Indonesian Political, Business & Finance News

Annan issues delayed report on E. Timor tribunal

| Source: REUTERS

Annan issues delayed report on E. Timor tribunal

Reuters, United Nations/Vientiane

United Nations Secretary-General Kofi Annan went around the Security Council on Wednesday and formally issued a UN expert panel's report recommending an international tribunal to try Indonesian and local militia leaders blamed for a deadly 1999 rampage in East Timor.

The experts had submitted their findings on May 26 to Annan, who gave their report to the 15-nation council in June.

Normally such a document would be officially published at that time.

But Indonesia has brushed off a call in a United Nations report for an international tribunal to try Indonesian and militia leaders blamed for a bloody 1999 rampage in East Timor.

"We continue to oppose an international tribunal, which we find totally unnecessary," Foreign Ministry spokesman Marty Natalegawa said on Thursday in Vientiane, a day after a report issued by Annan recommended one.

The UN and the international community should support joint Indonesian and East Timor investigations, Marty told reporters in Laos on the sidelines of an Asia-Pacific security conference.

The council decided instead to delay its release indefinitely, and council diplomats gave murky explanations when pressed to say who had made the decision and whether the report would ever be published.

They said council members feared offending a new Indonesian government at a time its ties with East Timor were improving.

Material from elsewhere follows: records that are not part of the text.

lemma ex_ufa_complement:
  fixes A :: "('q, 'a) nfa"
  assumes "ufa A"
  obtains B :: "('q set, 'a) nfa" where "ufa B" and "alphabet B = alphabet A"
    and "lang B = lists (alphabet A) - lang A"
    and "card (states B) = min (card (reachable_sets A)) (card (reachable_sets (reverse_nfa A)))"
proof -
  have wf: "wf_nfa A"
    using assms by (simp add: ufa_def)
  show thesis
  proof (cases "card (reachable_sets A) \<le> card (reachable_sets (reverse_nfa A))")
    case True
    show thesis
    proof (rule that)
      show "ufa (compl_dfa A)"
        using wf by (rule ufa_compl_dfa)
    qed (use True in \<open>simp_all add: lang_compl_dfa\<close>)
  next
    case False
    show thesis
    proof (rule that)
      show "ufa (reverse_nfa (compl_dfa (reverse_nfa A)))"
        using wf by (intro ufa_reverse_nfa ufa_compl_dfa wf_nfa_reverse_nfa)
      show "lang (reverse_nfa (compl_dfa (reverse_nfa A))) = lists (alphabet A) - lang A"
        by (simp add: lang_reverse_nfa lang_compl_dfa rev_image_lists_diff)
    qed (use False in simp_all)
  qed
qed

lemma real_le_sqrt_mult_powr_half:
  fixes k n :: nat
  assumes "k * k \<le> (n + 1) * 2 ^ n"
  shows "real k \<le> sqrt (real n + 1) * 2 powr (real n / 2)"
proof -
  have "real (k * k) \<le> real ((n + 1) * 2 ^ n)"
    using assms by (simp only: of_nat_le_iff)
  then have "(real k)\<^sup>2 \<le> (real n + 1) * 2 ^ n"
    by (simp add: power2_eq_square algebra_simps)
  then have "real k \<le> sqrt ((real n + 1) * 2 ^ n)"
    by (rule real_le_rsqrt)
  also have "\<dots> = sqrt (real n + 1) * 2 powr (real n / 2)"
    by (simp add: real_sqrt_mult powr_half_sqrt_powr powr_realpow flip: powr_realpow)
  finally show ?thesis .
qed

theorem theorem1:
  fixes A :: "('q, 'a) nfa" and n :: nat and L :: "'a list set"
  assumes "ufa A"
    and "card (states A) = n"
    and "lang A = L"
  shows "\<exists>B :: (nat, 'a) nfa. ufa B \<and> alphabet B = alphabet A
           \<and> real (card (states B)) \<le> sqrt (real n + 1) * 2 powr (real n / 2)
           \<and> lang B = lists (alphabet A) - L"
proof -
  obtain B :: "('q set, 'a) nfa" where B: "ufa B" "alphabet B = alphabet A"
    "lang B = lists (alphabet A) - L"
    and card_B: "card (states B) = min (card (reachable_sets A)) (card (reachable_sets (reverse_nfa A)))"
    using ex_ufa_complement[OF assms(1)] assms(3) by metis
  have "card (states B) * card (states B) \<le> card (reachable_sets A) * card (reachable_sets (reverse_nfa A))"
    unfolding card_B by (intro mult_le_mono) simp_all
  also have "\<dots> \<le> (n + 1) * 2 ^ n"
    using card_reachable_sets_mult_le[OF assms(1)] assms(2) by simp
  finally have "real (card (states B)) \<le> sqrt (real n + 1) * 2 powr (real n / 2)"
    by (rule real_le_sqrt_mult_powr_half)
  moreover obtain B' :: "(nat, 'a) nfa" where "ufa B'" "alphabet B' = alphabet B" "lang B' = lang B"
    "card (states B') = card (states B)"
    using ex_ufa_nat_states[OF B(1)] by metis
  ultimately show ?thesis
    using B by metis
qed

end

That prompted 12 human rights groups to write Annan asking him to ensure the report was published "as soon as possible" and its findings discussed by the council.

Although he said earlier it was not his decision to make, Annan within days informed the council he intended to issue the report "as a document of the Security Council," which happened on Wednesday.

About 1,500 civilians were killed, 250,000 left homeless and others raped and tortured when the Indonesian army and proxy gangs and militia razed much of East Timor in 1999.

The rampage occurred after mainly Roman Catholic East Timor voted in a referendum to break free from mostly Muslim Indonesia after 24 years of tight rule.

East Timor finally won independence in May 2002 after 2 1/2 years of UN administration, putting behind it centuries of Portuguese colonial rule and Indonesian occupation.

Under international pressure, Indonesia set up a special court to hear cases of crimes against humanity stemming from the 1999 rampage. But no high-level officials were indicted and only one of the 18 people brought to trial was convicted.

Annan in February named the panel of three outside experts to determine whether justice had been done, despite pleas from Indonesia and East Timor to leave the matter to them.

In their 149-page report, the experts faulted the earlier special court as deficient and said the Indonesian officials and gang leaders should be tried by an international tribunal if Jakarta did not agree to prosecute them within six months under international supervision.